Nanos : « le nain » 

Petta : « le petit oiseau »

Gyptis : « la femme vautour », dénomination qui s’expliquerait par le fait que les Ségobriges n’inhumaient pas leurs morts

Protis (= protos) : « le premier »

  • L’hellénisation du sud de la Gaule s’est faite de manière plutôt pacifique par un système d’alliances entre les différents peuples. Ainsi, le verbe συνῴκει, qui caractérise le mode de vie entre Euxène et Aristoxène, est composé du préfixe συν (avec, ensemble) et du nom οἰκία, ας (ἡ) (la maison). On peut donc en déduire que la cohabitation harmonieuse dans le couple fondé par Euxène et Aristoxène est à l’image de l’alliance entre les Gaulois et les Grecs.
  • Le plus souvent les Gaulois respectèrent la cité grecque de Marseille. Mais on raconte aussi qu’à la mort de Nanos, le nouveau roi des Ségobriges, jaloux de la cité voisine, voulut prendre les remparts de Marseille par la force. Cependant, une femme Ligure, parente du roi, dénonça la conspiration. Elle avait un jeune Grec pour amant. Touchée par la beauté du jeune homme, elle lui révéla, dans une étreinte, le secret de l’embuscade, en l’engageant à se dérober au péril. Celui-là rapporta aussitôt la chose aux magistrats de Massalia, et, le piège ainsi découvert, tous les Gaulois furent arrêtés.

PETITE Chronologie

600 avant J.-C. : Fondation de Marseille par des Grecs venus d’Ionie, région grecque d’Asie mineure

VIe siècle avant J.-C. : Premier essor de la ville

IVe siècle avant J.-C. : Le mode de vie des Marseillais devient plus luxueux

264-146 avant J.-C. : Durant les guerres puniques, Marseille fournit des navires de guerre à Rome

IIe siècle avant J.-C. : Nouvelle phase florissante

49 avant J.-C. : Marseille est intégrée à la province de Narbonnaise, colonie romaine fondée d’abord à Carbone en 118 avant J.-C., puis étendue aux régions actuelles du Toulousain, du Languedoc, de la vallée du Rhône, du Dauphiné et de la Provence

 

La fondation légendaire de Massalia

Protis, le chef de l’expédition grecque, séduit Gyptis, la fille de Nanos, chef de la tribu locale des Ségobriges. Il l’épouse. Ainsi se forme le premier couple gallo-grec.
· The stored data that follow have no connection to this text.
lemma dissociation_set_card_le_2:
  assumes "finite A" "A \<subseteq> V" "card A \<le> 2"
  shows "dissociation_set V E A"
  unfolding dissociation_set_def
proof (intro conjI ballI)
  fix v assume "v \<in> A"
  then have "degree A E v \<le> card A - 1" by (rule degree_le_card_minus_1[OF assms(1)])
  then show "degree A E v \<le> 1" using assms(3) by linarith
qed (use assms in auto)

lemma dissociation_set_Un:
  assumes F: "dissociation_set V E F" and A: "dissociation_set V E A"
    and no_edge: "\<forall>a\<in>A. \<forall>x\<in>F. \<not> adj E x a"
  shows "dissociation_set V E (F \<union> A)"
proof -
  have "neighbors (F \<union> A) E v = neighbors F E v" if "v \<in> F" for v
    using that no_edge adj_commute[of E] by (auto simp: mem_neighbors_iff)
  moreover have "neighbors (F \<union> A) E v = neighbors A E v" if "v \<in> A" for v
    using that no_edge by (auto simp: mem_neighbors_iff)
  ultimately show ?thesis
    using F A unfolding dissociation_set_def degree_eq_card_neighbors by auto
qed

subsection \<open>The lower bound for forests\<close>

text \<open>Removing R and adding A to a dissociation set of the rest preserves the ratio 2/3.\<close>
definition dense_piece :: "'a set \<Rightarrow> 'a set set \<Rightarrow> 'a set \<Rightarrow> 'a set \<Rightarrow> bool" where
  "dense_piece V E R A \<longleftrightarrow> R \<subseteq> V \<and> R \<noteq> {} \<and> dissociation_set R E A \<and>
     (\<forall>a\<in>A. neighbors V E a \<subseteq> R) \<and> 2 * card R \<le> 3 * card A"

lemma dense_piece_isolated:
  assumes "finite V" "v \<in> V" "degree V E v = 0"
  shows "dense_piece V E {v} {v}"
  using assms by (auto simp: dense_piece_def dissociation_set_card_le_2 degree_eq_card_neighbors
      finite_neighbors)

lemma dense_piece_edge_component:
  assumes "neighbors V E u = {v}" "neighbors V E v = {u}"
  shows "dense_piece V E {u, v} {u, v}"
proof -
  have "v \<in> V" "u \<in> V" using assms by (auto simp: mem_neighbors_iff dest: equalityD2)
  then show ?thesis
    using assms by (auto simp: dense_piece_def dissociation_set_card_le_2 card_insert_if)
qed

lemma dense_piece_pendant_star:
  assumes A_sub: "A \<subseteq> V" and "2 \<le> card A" and "\<forall>a\<in>A. neighbors V E a = {u}"
  shows "dense_piece V E (insert u A) A"
proof -
  have "finite A" using assms(2) by (metis card.infinite not_numeral_le_zero)
  obtain a where "a \<in> A" using \<open>finite A\<close> assms(2) by fastforce
  then have "u \<in> neighbors V E a" using assms(3) by simp
  then have "u \<in> V" by (simp add: mem_neighbors_iff)
  have "u \<notin> A" using assms(3) self_not_mem_neighbors by fastforce
  have "neighbors A E a = {}" if "a \<in> A" for a
    using neighbors_mono[OF A_sub, of E a] neighbors_subset[of A E a] assms(3) that \<open>u \<notin> A\<close>
    by auto
  then have "degree A E a = 0" if "a \<in> A" for a
    using that by (simp add: degree_eq_card_neighbors)
  then have "dissociation_set (insert u A) E A" by (auto simp: dissociation_set_def)
  then show ?thesis
    using assms \<open>finite A\<close> \<open>u \<in> V\<close> \<open>u \<notin> A\<close> by (auto simp: dense_piece_def)
qed

lemma dense_piece_pendant_path:
  assumes "neighbors V E a = {u}" "neighbors V E u = {a, w}"
  shows "dense_piece V E {a, u, w} {a, u}"
proof -
  have "a \<in> V" "u \<in> V" "w \<in> V" using assms by (auto simp: mem_neighbors_iff dest: equalityD2)
  moreover have "a \<noteq> u" using assms(1) by (auto simp: mem_neighbors_iff adj_irrefl dest: equalityD2)
  moreover have "card {a, u, w} \<le> 3" by (simp add: card_insert_le_m1)
  ultimately show ?thesis using assms
    by (auto simp: dense_piece_def dissociation_set_card_le_2 card_insert_le_m1)
qed

lemma dense_piece_at_leaves:
  assumes "2 \<le> degree V E u" and NL_sub: "NL \<subseteq> neighbors V E u"
    and leaves: "\<forall>a\<in>NL. neighbors V E a = {u}"
    and "card (neighbors V E u - NL) \<le> 1"
  shows "\<exists>R A. dense_piece V E R A"
proof -
  have nbrs_u: "neighbors V E u = NL \<union> (neighbors V E u - NL)" using NL_sub by blast
  have "2 \<le> card (neighbors V E u)" using assms(1) by (simp add: degree_eq_card_neighbors)
  also have "\<dots> \<le> card NL + card (neighbors V E u - NL)"
    by (subst nbrs_u) (rule card_Un_le)
  finally consider "2 \<le> card NL" | "card NL = 1" "card (neighbors V E u - NL) = 1"
    using assms(4) by linarith
  then show ?thesis
  proof cases
    case 1
    have "NL \<subseteq> V" using NL_sub neighbors_subset[of V E u] by (rule order_trans)
    then show ?thesis using dense_piece_pendant_star[OF _ 1 leaves] by blast
  next
    case 2
    then obtain a w where "NL = {a}" "neighbors V E u - NL = {w}"
      by (meson card_1_singletonE)
    then have "neighbors V E a = {u}" "neighbors V E u = {a, w}"
      using leaves nbrs_u by auto
    then show ?thesis by (blast intro: dense_piece_pendant_path)
  qed
qed

lemma all_leaves_edge_component:
  assumes "v \<in> V" "\<forall>x\<in>V. degree V E x = 1"
  shows "\<exists>u w. neighbors V E u = {w} \<and> neighbors V E w = {u}"
proof -
  obtain u where u: "neighbors V E v = {u}"
    using assms by (auto simp: degree_eq_card_neighbors card_1_singleton_iff)
  then have "u \<in> V" using neighbors_subset[of V E v] by blast
  moreover have "v \<in> neighbors V E u"
    using mem_neighbors_commute[of u V E v] u assms(1) by simp
  ultimately have "neighbors V E u = {v}" using assms(2) by (intro neighbors_eq_singleton) auto
  then show ?thesis using u by blast
qed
Nanos offre à sa fille en dot la plage où avait débarqué le premier navire grec et sur cette terre Protis bâtit la première ville gallo-grecque, à laquelle il prend soin de donner un nom gaulois, Massalia (la demeure salienne), manifestant ainsi le respect qu’il a pour la terre où il s’installe.

 

La réalité historique

Dès l’an 600 avant J.-C., des Grecs de Phocée débarquent en Provence, à 40 km environ de l’actuelle Marseille, à Saint- Blaise exactement. Ils sont originaires d’Ionie et fuient l’avancée des armées perses en 546-545 et s’installent à Marseille après que les habitants de Chios ont refusé de leur vendre les îles d’Oinoussai (sur la côte turque actuelle).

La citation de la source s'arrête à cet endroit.